» **Task requirements**:
Begin at the top of the listing below. Write each line out exactly, ending with the line that holds "0) * pd k a x".

» **Source data**:
lemma torse_forming_pd_commute:
  assumes m: "riemannian_metric U g" and sV: "smooth_field U V"
    and tf: "torse_forming U g V a \<psi>" and x: "x \<in> U"
  shows "(if i = k then 1 else 0) * pd k a x
         + (\<psi> x $ i * pd k (\<lambda>y. V y $ k) x + pd k (\<lambda>y. \<psi> y $ i) x * V x $ k)
         - (\<Sum>j\<in>UNIV. christoffel g k i j x * pd k (\<lambda>y. V y $ j) x + pd k (christoffel g k i j) x * V x $ j)
     = pd i a x + (\<psi> x $ k * pd i (\<lambda>y. V y $ k) x + pd i (\<lambda>y. \<psi> y $ k) x * V x $ k)
         - (\<Sum>j\<in>UNIV. christoffel g k k j x * pd i (\<lambda>y. V y $ j) x + pd i (christoffel g k k j) x * V x $ j)"
proof -
  have U: "open U" using m unfolding riemannian_metric_def by blast
  have da: "a differentiable at x" and d\<psi>: "(\<lambda>y. \<psi> y $ l) differentiable at x" for l
    using tf smooth_on_differentiable_at[OF _ U x, of _ "[]"] smooth_field_differentiable_at[OF _ U x, of _ "[]"]
    unfolding torse_forming_def by auto
  have dV: "pdl ls (\<lambda>y. V y $ l) differentiable at y" if "y \<in> U" for l ls y
    using smooth_field_differentiable_at[OF sV U that] .
  have "pd k (pd i (\<lambda>y. V y $ k)) x = pd i (pd k (\<lambda>y. V y $ k)) x"
    using dV[where ls="[]"] dV[where ls="[i]"] dV[where ls="[k]"]
      dV[OF x, where ls="[k, i]"] dV[OF x, where ls="[i, k]"]
    by (intro pd_commute[OF U x]) (auto intro: differentiable_imp_continuous_within)
  moreover have "pd l (pd m (\<lambda>y. V y $ k)) x = (if m = k then 1 else 0) * pd l a x
      + (\<psi> x $ m * pd l (\<lambda>y. V y $ k) x + pd l (\<lambda>y. \<psi> y $ m) x * V x $ k)
      - (\<Sum>j\<in>UNIV. christoffel g k m j x * pd l (\<lambda>y. V y $ j) x + pd l (christoffel g k m j) x * V x $ j)"
    for l m
  proof -
    have "pd l (pd m (\<lambda>y. V y $ k)) x = pd l (\<lambda>y. a y * (if m = k then 1 else 0) + \<psi> y $ m * V y $ k
        - (\<Sum>j\<in>UNIV. christoffel g k m j y * V y $ j)) x"
      using pd_torse_forming[OF tf] by (intro pd_cong_open[OF U x]) auto
    also have "\<dots> = (if m = k then 1 else 0) * pd l a x
      + (\<psi> x $ m * pd l (\<lambda>y. V y $ k) x + pd l (\<lambda>y. \<psi> y $ m) x * V x $ k)
      - (\<Sum>j\<in>UNIV. christoffel g k m j x * pd l (\<lambda>y. V y $ j) x + pd l (christoffel g k m j) x * V x $ j)"
      using dV[OF x, where ls="[]"] christoffel_differentiable[OF m x]
      by (intro pd_torse_forming_expr[OF da d\<psi>]) auto
    finally show ?thesis .
  qed
  ultimately show ?thesis by simp
qed

lemma ricci_torse_forming_codazzi:
  fixes g :: "real^'n::finite \<Rightarrow> real^'n^'n"
  assumes m: "riemannian_metric U g" and sV: "smooth_field U V"
    and tf: "torse_forming U g V a \<psi>" and cod: "codazzi U g \<psi>" and x: "x \<in> U"
  shows "(\<Sum>j\<in>UNIV. ricci g j i x * V x $ j) = (1 - real CARD('n)) * (pd i a x - a x * \<psi> x $ i)"
  unfolding sum_ricci_mult[OF m x]
proof (rule torse_forming_commutator_trace)
  show "pd m (\<lambda>y. V y $ k) x = a x * (if m = k then 1 else 0) + \<psi> x $ m * V x $ k
          - (\<Sum>j\<in>UNIV. christoffel g k m j x * V x $ j)" for m k
    using pd_torse_forming[OF tf x] .
  show "christoffel g k i j x = christoffel g k j i x" for k i j
    using christoffel_sym[OF m x] .
  show "pd k (\<lambda>y. \<psi> y $ i) x - (\<Sum>m\<in>UNIV. christoffel g m k i x * \<psi> x $ m)
      = pd i (\<lambda>y. \<psi> y $ k) x - (\<Sum>m\<in>UNIV. christoffel g m i k x * \<psi> x $ m)" for k i
    using cod x unfolding codazzi_def cov_form_def by blast
qed (rule torse_forming_pd_commute[OF m sV tf x])

lemma ricci_V_V_torse_forming_codazzi:
  fixes g :: "real^'n::finite \<Rightarrow> real^'n^'n"
  assumes "riemannian_metric U g" "smooth_field U V"
    and "torse_forming U g V a \<psi>" "codazzi U g \<psi>" "x \<in> U"
  shows "(\<Sum>i\<in>UNIV. V x $ i * (\<Sum>j\<in>UNIV. ricci g j i x * V x $ j))
      = (1 - real CARD('n)) * (dir_deriv V a x - a x * pair_form \<psi> V x)"
  unfolding ricci_torse_forming_codazzi[OF assms] dir_deriv_def pair_form_def
  by (simp add: algebra_simps sum_subtractf sum_distrib_left sum.distrib)


section \<open>Almost Einstein solitons\<close>

definition flat :: "(real^'n::finite \<Rightarrow> real^'n^'n) \<Rightarrow> (real^'n \<Rightarrow> real^'n) \<Rightarrow> real^'n \<Rightarrow> 'n \<Rightarrow> real"
  where "flat g V x j = (\<Sum>k\<in>UNIV. g x $ j $ k * V x $ k)"

lemma ginv_flat:
  assumes m: "riemannian_metric U g" and x: "x \<in> U"
  shows "(\<Sum>j\<in>UNIV. ginv g x $ i $ j * flat g V x j) = V x $ i"
    and "(\<Sum>j\<in>UNIV. ginv g x $ j $ i * flat g V x j) = V x $ i"
proof -
  have "(\<Sum>j\<in>UNIV. ginv g x $ i $ j * flat g V x j)
      = (\<Sum>j\<in>UNIV. \<Sum>k\<in>UNIV. ginv g x $ i $ j * g x $ j $ k * V x $ k)"
    unfolding flat_def by (simp add: sum_distrib_left mult_ac)
  also have "\<dots> = (\<Sum>k\<in>UNIV. (\<Sum>j\<in>UNIV. ginv g x $ i $ j * g x $ j $ k) * V x $ k)"
    by (subst sum.swap) (simp add: sum_distrib_right)
  finally show "(\<Sum>j\<in>UNIV. ginv g x $ i $ j * flat g V x j) = V x $ i"
    by (simp add: metric_ginv_sum[OF m x] mult_delta_simps cong: if_cong)
  have "(\<Sum>j\<in>UNIV. ginv g x $ j $ i * flat g V x j)
      = (\<Sum>j\<in>UNIV. \<Sum>k\<in>UNIV. g x $ k $ j * ginv g x $ j $ i * V x $ k)"
    unfolding flat_def by (simp add: sum_distrib_left mult_ac metric_sym[OF m x, of j for j])
  also have "\<dots> = (\<Sum>k\<in>UNIV. (\<Sum>j\<in>UNIV. g x $ k $ j * ginv g x $ j $ i) * V x $ k)"
    by (subst sum.swap) (simp add: sum_distrib_right)
  finally show "(\<Sum>j\<in>UNIV. ginv g x $ j $ i * flat g V x j) = V x $ i"
    by (simp add: metric_ginv_sum[OF m x] mult_delta_simps cong: if_cong)
qed

lemma scal_of_ricci_form:
  fixes g :: "real^'n::finite \<Rightarrow> real^'n^'n"
  assumes m: "riemannian_metric U g" and x: "x \<in> U"
    and ric: "\<And>i j. ricci g i j x = c * g x $ i $ j - (1/2) * (\<psi> x $ i * flat g V x j + \<psi> x $ j * flat g V x i)"
  shows "scal g x = real CARD('n) * c - pair_form \<psi> V x"
proof -
  let ?H = "ginv g x"
  have "(\<Sum>i\<in>UNIV. \<Sum>j\<in>UNIV. ?H $ i $ j * g x $ i $ j) = (\<Sum>i\<in>UNIV. \<Sum>j\<in>UNIV. ?H $ i $ j * g x $ j $ i)"
    using metric_sym[OF m x] by simp
  also have "\<dots> = (\<Sum>i\<in>(UNIV::'n set). 1)"
    by (simp add: metric_ginv_sum[OF m x])
  finally have trace: "(\<Sum>i\<in>UNIV. \<Sum>j\<in>UNIV. ?H $ i $ j * g x $ i $ j) = real CARD('n)"
    by simp
  have "(\<Sum>i\<in>UNIV. \<Sum>j\<in>UNIV. ?H $ i $ j * (\<psi> x $ i * flat g V x j))
      = (\<Sum>i\<in>UNIV. \<psi> x $ i * (\<Sum>j\<in>UNIV. ?H $ i $ j * flat g V x j))"
    by (simp add: sum_distrib_left mult_ac)
  also have "\<dots> = pair_form \<psi> V x"
    by (simp add: ginv_flat[OF m x] pair_form_def)
  finally have t2: "(\<Sum>i\<in>UNIV. \<Sum>j\<in>UNIV. ?H $ i $ j * (\<psi> x $ i * flat g V x j)) = pair_form \<psi> V x" .
  have "(\<Sum>i\<in>UNIV. \<Sum>j\<in>UNIV. ?H $ i $ j * (\<psi> x $ j * flat g V x i))
      = (\<Sum>j\<in>UNIV. \<psi> x $ j * (\<Sum>i\<in>UNIV. ?H $ i $ j * flat g V x i))"
    by (subst sum.swap) (simp add: sum_distrib_left mult_ac)
  also have "\<dots> = pair_form \<psi> V x"
    by (simp add: ginv_flat[OF m x] pair_form_def)
  finally have t3: "(\<Sum>i\<in>UNIV. \<Sum>j\<in>UNIV. ?H $ i $ j * (\<psi> x $ j * flat g V x i)) = pair_form \<psi> V x" .
  have "scal g x = c * (\<Sum>i\<in>UNIV. \<Sum>j\<in>UNIV. ?H $ i $ j * g x $ i $ j)
     - (1/2) * ((\<Sum>i\<in>UNIV. \<Sum>j\<in>UNIV. ?H $ i $ j * (\<psi> x $ i * flat g V x j))
               + (\<Sum>i\<in>UNIV. \<Sum>j\<in>UNIV. ?H $ i $ j * (\<psi> x $ j * flat g V x i)))"
    unfolding scal_def ric by (simp add: algebra_simps sum.distrib sum_subtractf sum_distrib_left)
  then show ?thesis unfolding trace t2 t3 by simp
qed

» **Your response**:
lemma torse_forming_pd_commute:
  assumes m: "riemannian_metric U g" and sV: "smooth_field U V"
    and tf: "torse_forming U g V a \<psi>" and x: "x \<in> U"
  shows "(if i = k then 1 else 0) * pd k a x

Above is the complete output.